_EXERCISE BRIEF_
Return the entries below in full. Keep every word as it is.

_GIVEN ENTRIES_
lemma DM_join_DM_generators:
  assumes refl: "refl R" and p: "(A, bup R Y) \<in> DM R"
  shows "DM_join R (DM_generators R A Y) = (A, bup R Y)"
proof -
  let ?G = "DM_generators R A Y"
  have empty: "bdown R {y} = {}" if "y \<notin> singR R" for y
    using rs_pair_singleton_if_notin_singR[OF refl that] by (simp add: rs_pair_def)
  have A_closed: "bdown R (wup R A) = A"
    using p by (simp add: DM_memD(1) bdown_wup_eq_if_in_range)
  have wup_a: "wup R {a} \<subseteq> wup R A" if "a \<in> A" for a
    using that by (simp add: wup_mono)
  have "A \<subseteq> \<Union>(fst ` ?G)"
    using subset_bdown_wup[of _ R] by (force simp: DM_generators_def rs_pair_def)
  moreover have "\<Union>(fst ` ?G) \<subseteq> bdown R (wup R A)"
    using empty bdown_mono[OF wup_a, where R = R] by (auto simp: DM_generators_def rs_pair_def)
  ultimately have "bdown R (wup R (\<Union>(fst ` ?G))) = A"
    using A_closed by (metis bdown_mono bdown_wup_bdown subset_antisym wup_mono)
  moreover have "\<Union>(snd ` ?G) = bup R Y"
  proof
    show "\<Union>(snd ` ?G) \<subseteq> bup R Y"
    proof -
      have "bup R (wup R {a}) \<subseteq> bup R Y" if "a \<in> A" for a
        using bup_mono[OF wup_a[OF that]] DM_memD(3)[OF p] by blast
      moreover have "bup R {y} \<subseteq> bup R Y" if "y \<in> Y" for y
        using that by (simp add: bup_mono)
      ultimately show ?thesis
        by (simp add: DM_generators_def rs_pair_def image_Un image_image UN_subset_iff)
    qed
    show "bup R Y \<subseteq> \<Union>(snd ` ?G)"
    proof
      fix z assume "z \<in> bup R Y"
      then obtain y where y: "y \<in> Y" "y \<in> Rimg R z"
        by (auto simp: bup_def)
      then have z: "z \<in> bup R {y}"
        by (auto simp: bup_def)
      show "z \<in> \<Union>(snd ` ?G)"
      proof (cases "y \<in> singR R")
        case False
        then show ?thesis
          using y z by (force simp: DM_generators_def rs_pair_def)
      next
        case True
        have "y \<in> bup R Y"
          using y(1) subset_bup_if_refl[OF refl] by blast
        then have "y \<in> A"
          using True DM_memD(4)[OF p] by blast
        moreover have "z \<in> bup R (wup R {y})"
          using z bup_mono[OF subset_wup_if_refl[OF refl]] by blast
        ultimately show ?thesis
          by (force simp: DM_generators_def rs_pair_def)
      qed
    qed
  qed
  ultimately show ?thesis
    by (simp add: DM_join_def)
qed

lemma DM_generators_subset_DM: "DM_generators R A Y \<subseteq> DM R"
  by (auto simp: DM_generators_def rs_pair_in_DM)

theorem mainTheorem2:
  fixes R :: "('a \<times> 'a) set"
  assumes "refl R"
  shows "{p. cji (DM R) pair_le p} =
     {(bdown R (wup R {x}), bup R (wup R {x})) | x.
         cji (range (wup R)) (\<subseteq>) (wup R {x})}
   \<union> {(bdown R {x}, bup R {x}) | x.
         cji (range (bup R)) (\<subseteq>) (bup R {x}) \<and> x \<notin> singR R}"
  (is "_ = ?Jw \<union> ?Jb")
proof -
  have w: "cji (DM R) pair_le (rs_pair R (wup R {x})) \<longleftrightarrow> cji (range (wup R)) (\<subseteq>) (wup R {x})"
    for x by (simp add: cji_DM_rs_pair_iff)
  have b: "cji (DM R) pair_le (rs_pair R {x}) \<longleftrightarrow> cji (range (bup R)) (\<subseteq>) (bup R {x})"
    if "x \<notin> singR R" for x
    using rs_pair_singleton_if_notin_singR[OF assms that]
    by (simp add: cji_DM_empty_pair_iff[OF assms])
  have "p \<in> ?Jw \<union> ?Jb" if cji: "cji (DM R) pair_le p" for p
  proof -
    obtain A Y where p: "p = (A, bup R Y)" "(A, bup R Y) \<in> DM R"
      using cji by (auto simp: cji_def DM_def)
    then have "p \<in> DM_generators R A Y"
      using cji DM_generators_subset_DM DM_join_DM_generators[OF assms]
      unfolding cji_DM_iff by metis
    then show ?thesis
      using cji w b by (auto simp: DM_generators_def rs_pair_def)
  qed
  moreover have "cji (DM R) pair_le p" if "p \<in> ?Jw \<union> ?Jb" for p
    using that w b by (auto simp: rs_pair_def)
  ultimately show ?thesis
    by blast
qed

end
lemma branch_pos_underS:
  assumes "x \<in> small_nodes" and "z \<in> tree_pred x" and "b \<in> underS K_plus (branch_pos x z)"
  obtains u where "u \<in> tree_pred x" and "(u, z) \<in> Ws" and "b = branch_pos x u"
proof -
  have "bij_betw (branch_pos x) (underS (Restr W (tree_pred x)) z) (underS K_plus (branch_pos x z))"
    using embed_underS[OF Well_order_Restr_tree_pred branch_pos_embed[OF assms(1)]] assms(2)
    by (simp add: Field_Restr_tree_pred)
  then obtain u where "u \<in> underS (Restr W (tree_pred x)) z" "b = branch_pos x u"
    using assms(3) unfolding bij_betw_def by blast
  then show ?thesis
    using that unfolding underS_def by (auto simp: Ws_iff)
qed

lemma branch_pos_image_bounded:
  assumes "x \<in> small_nodes"
  shows "\<exists>\<beta>\<in>Field K_plus. branch_pos x ` tree_pred x \<subseteq> underS K_plus \<beta>"
proof (rule ofilter_bounded_if_small[OF Card_order_K_plus])
  show "infinite (Field K_plus)"
    using card_of_cardSuc_finite infinite_K by blast
  show "wo_rel.ofilter K_plus (branch_pos x ` tree_pred x)"
    using embed_Field_ofilter[OF Well_order_Restr_tree_pred
        cardSuc_Well_order[OF card_of_Card_order] branch_pos_embed[OF assms]]
    by (simp add: Field_Restr_tree_pred)
  have "|branch_pos x ` tree_pred x| \<le>o |K|"
    using assms card_of_image ordLeq_transitive unfolding small_nodes_def by blast
  then show "|branch_pos x ` tree_pred x| <o K_plus"
    using ordLeq_ordLess_trans cardSuc_greater[OF card_of_Card_order] by blast
qed

lemma antisym_K_plus: "antisym K_plus"
  using cardSuc_Well_order[OF card_of_Card_order[of K]] by (simp add: wo_rel.ANTISYM wo_rel_def)

lemma node_code_match:
  assumes "node_code x = node_code x'" and "z \<in> tree_pred x"
  obtains z' where "z' \<in> tree_pred x'" and "branch_pos x' z' = branch_pos x z" and "f z' x' = f z x"
proof -
  have "(branch_pos x z, f z x) \<in> node_code x"
    unfolding node_code_def using assms(2) by (rule rev_image_eqI) simp
  then have "(branch_pos x z, f z x) \<in> node_code x'"
    using assms(1) by simp
  then obtain z' where "z' \<in> tree_pred x'" "(branch_pos x z, f z x) = (branch_pos x' z', f z' x')"
    unfolding node_code_def by blast
  then show ?thesis
    using that by simp
qed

_ANSWER TO THE EXERCISE_
lemma DM_join_DM_generators:
  assumes refl: "refl R" and p: "(A, bup R Y) \<in> DM R"
  shows "DM_join R (DM_generators R A Y) = (A, bup R Y)"
proof -
  let ?G = "DM_generators R A Y"
  have empty: "bdown R {y} = {}" if "y \<notin> singR R" for y
    using rs_pair_singleton_if_notin_singR[OF refl that] by (simp add: rs_pair_def)
  have A_closed: "bdown R (wup R A) = A"
    using p by (simp add: DM_memD(1) bdown_wup_eq_if_in_range)
  have wup_a: "wup R {a} \<subseteq> wup R A" if "a \<in> A" for a
    using that by (simp add: wup_mono)
  have "A \<subseteq> \<Union>(fst ` ?G)"
    using subset_bdown_wup[of _ R] by (force simp: DM_generators_def rs_pair_def)
  moreover have "\<Union>(fst ` ?G) \<subseteq> bdown R (wup R A)"
    using empty bdown_mono[OF wup_a, where R = R] by (auto simp: DM_generators_def rs_pair_def)
  ultimately have "bdown R (wup R (\<Union>(fst ` ?G))) = A"
    using A_closed by (metis bdown_mono bdown_wup_bdown subset_antisym wup_mono)
  moreover have "\<Union>(snd ` ?G) = bup R Y"
  proof
    show "\<Union>(snd ` ?G) \<subseteq> bup R Y"
    proof -
      have "bup R (wup R {a}) \<subseteq> bup R Y" if "a \<in> A" for a
        using bup_mono[OF wup_a[OF that]] DM_memD(3)[OF p] by blast
      moreover have "bup R {y} \<subseteq> bup R Y" if "y \<in> Y" for y
        using that by (simp add: bup_mono)
      ultimately show ?thesis
        by (simp add: DM_generators_def rs_pair_def image_Un image_image UN_subset_iff)
    qed
    show "bup R Y \<subseteq> \<Union>(snd ` ?G)"
    proof
      fix z assume "z \<in> bup R Y"
      then obtain y where y: "y \<in> Y" "y \<in> Rimg R z"
        by (auto simp: bup_def)
      then have z: "z \<in> bup R {y}"
        by (auto simp: bup_def)
      show "z \<in> \<Union>(snd ` ?G)"
      proof (cases "y \<in> singR R")
        case False
        then show ?thesis
          using y z by (force simp: DM_generators_def rs_pair_def)
      next
        case True
        have "y \<in> bup R Y"
          using y(1) subset_bup_if_refl[OF refl] by blast
        then have "y \<in> A"
          using True DM_memD(4)[OF p] by blast
        moreover have "z \<in> bup R (wup R {y})"
          using z bup_mono[OF subset_wup_if_refl[OF refl]] by blast
        ultimately show ?thesis
          by (force simp: DM_generators_def rs_pair_def)
      qed
    qed
  qed
  ultimately show ?thesis
    by (simp add: DM_join_def)
qed

lemma DM_generators_subset_DM: "DM_generators R A Y \<subseteq> DM R"
  by (auto simp: DM_generators_def rs_pair_in_DM)

theorem mainTheorem2:
  fixes R :: "('a \<times> 'a) set"
  assumes "refl R"
  shows "{p. cji (DM R) pair_le p} =
     {(bdown R (wup R {x}), bup R (wup R {x})) | x.
         cji (range (wup R)) (\<subseteq>) (wup R {x})}
   \<union> {(bdown R {x}, bup R {x}) | x.
         cji (range (bup R)) (\<subseteq>) (bup R {x}) \<and> x \<notin> singR R}"
  (is "_ = ?Jw \<union> ?Jb")
proof -
  have w: "cji (DM R) pair_le (rs_pair R (wup R {x})) \<longleftrightarrow> cji (range (wup R)) (\<subseteq>) (wup R {x})"
    for x by (simp add: cji_DM_rs_pair_iff)
  have b: "cji (DM R) pair_le (rs_pair R {x}) \<longleftrightarrow> cji (range (bup R)) (\<subseteq>) (bup R {x})"
    if "x \<notin> singR R" for x
    using rs_pair_singleton_if_notin_singR[OF assms that]
    by (simp add: cji_DM_empty_pair_iff[OF assms])
  have "p \<in> ?Jw \<union> ?Jb" if cji: "cji (DM R) pair_le p" for p
  proof -
    obtain A Y where p: "p = (A, bup R Y)" "(A, bup R Y) \<in> DM R"
      using cji by (auto simp: cji_def DM_def)
    then have "p \<in> DM_generators R A Y"
      using cji DM_generators_subset_DM DM_join_DM_generators[OF assms]
      unfolding cji_DM_iff by metis
    then show ?thesis
      using cji w b by (auto simp: DM_generators_def rs_pair_def)
  qed
  moreover have "cji (DM R) pair_le p" if "p \<in> ?Jw \<union> ?Jb" for p
    using that w b by (auto simp: rs_pair_def)
  ultimately show ?thesis
    by blast
qed

end
lemma branch_pos_underS:
  assumes "x \<in> small_nodes" and "z \<in> tree_pred x" and "b \<in> underS K_plus (branch_pos x z)"
  obtains u where "u \<in> tree_pred x" and "(u, z) \<in> Ws" and "b = branch_pos x u"
proof -
  have "bij_betw (branch_pos x) (underS (Restr W (tree_pred x)) z) (underS K_plus (branch_pos x z))"
    using embed_underS[OF Well_order_Restr_tree_pred branch_pos_embed[OF assms(1)]] assms(2)
    by (simp add: Field_Restr_tree_pred)
  then obtain u where "u \<in> underS (Restr W (tree_pred x)) z" "b = branch_pos x u"
    using assms(3) unfolding bij_betw_def by blast
  then show ?thesis
    using that unfolding underS_def by (auto simp: Ws_iff)
qed

lemma branch_pos_image_bounded:
  assumes "x \<in> small_nodes"
  shows "\<exists>\<beta>\<in>Field K_plus. branch_pos x ` tree_pred x \<subseteq> underS K_plus \<beta>"
proof (rule ofilter_bounded_if_small[OF Card_order_K_plus])
  show "infinite (Field K_plus)"
    using card_of_cardSuc_finite infinite_K by blast
  show "wo_rel.ofilter K_plus (branch_pos x ` tree_pred x)"
    using embed_Field_ofilter[OF Well_order_Restr_tree_pred
        cardSuc_Well_order[OF card_of_Card_order] branch_pos_embed[OF assms]]
    by (simp add: Field_Restr_tree_pred)
  have "|branch_pos x ` tree_pred x| \<le>o |K|"
    using assms card_of_image ordLeq_transitive unfolding small_nodes_def by blast
  then show "|branch_pos x ` tree_pred x| <o K_plus"
    using ordLeq_ordLess_trans cardSuc_greater[OF card_of_Card_order] by blast
qed

lemma antisym_K_plus: "antisym K_plus"
  using cardSuc_Well_order[OF card_of_Card_order[of K]] by (simp add: wo_rel.ANTISYM wo_rel_def)

lemma node_code_match:
  assumes "node_code x = node_code x'" and "z \<in> tree_pred x"
  obtains z' where "z' \<in> tree_pred x'" and "branch_pos x' z' = branch_pos x z" and "f z' x' = f z x"
proof -
  have "(branch_pos x z, f z x) \<in> node_code x"
    unfolding node_code_def using assms(2) by (rule rev_image_eqI) simp
  then have "(branch_pos x z, f z x) \<in> node_code x'"
    using assms(1) by simp
  then obtain z' where "z' \<in> tree_pred x'" "(branch_pos x z, f z x) = (branch_pos x' z', f z' x')"
    unfolding node_code_def by blast
  then show ?thesis
    using that by simp
qed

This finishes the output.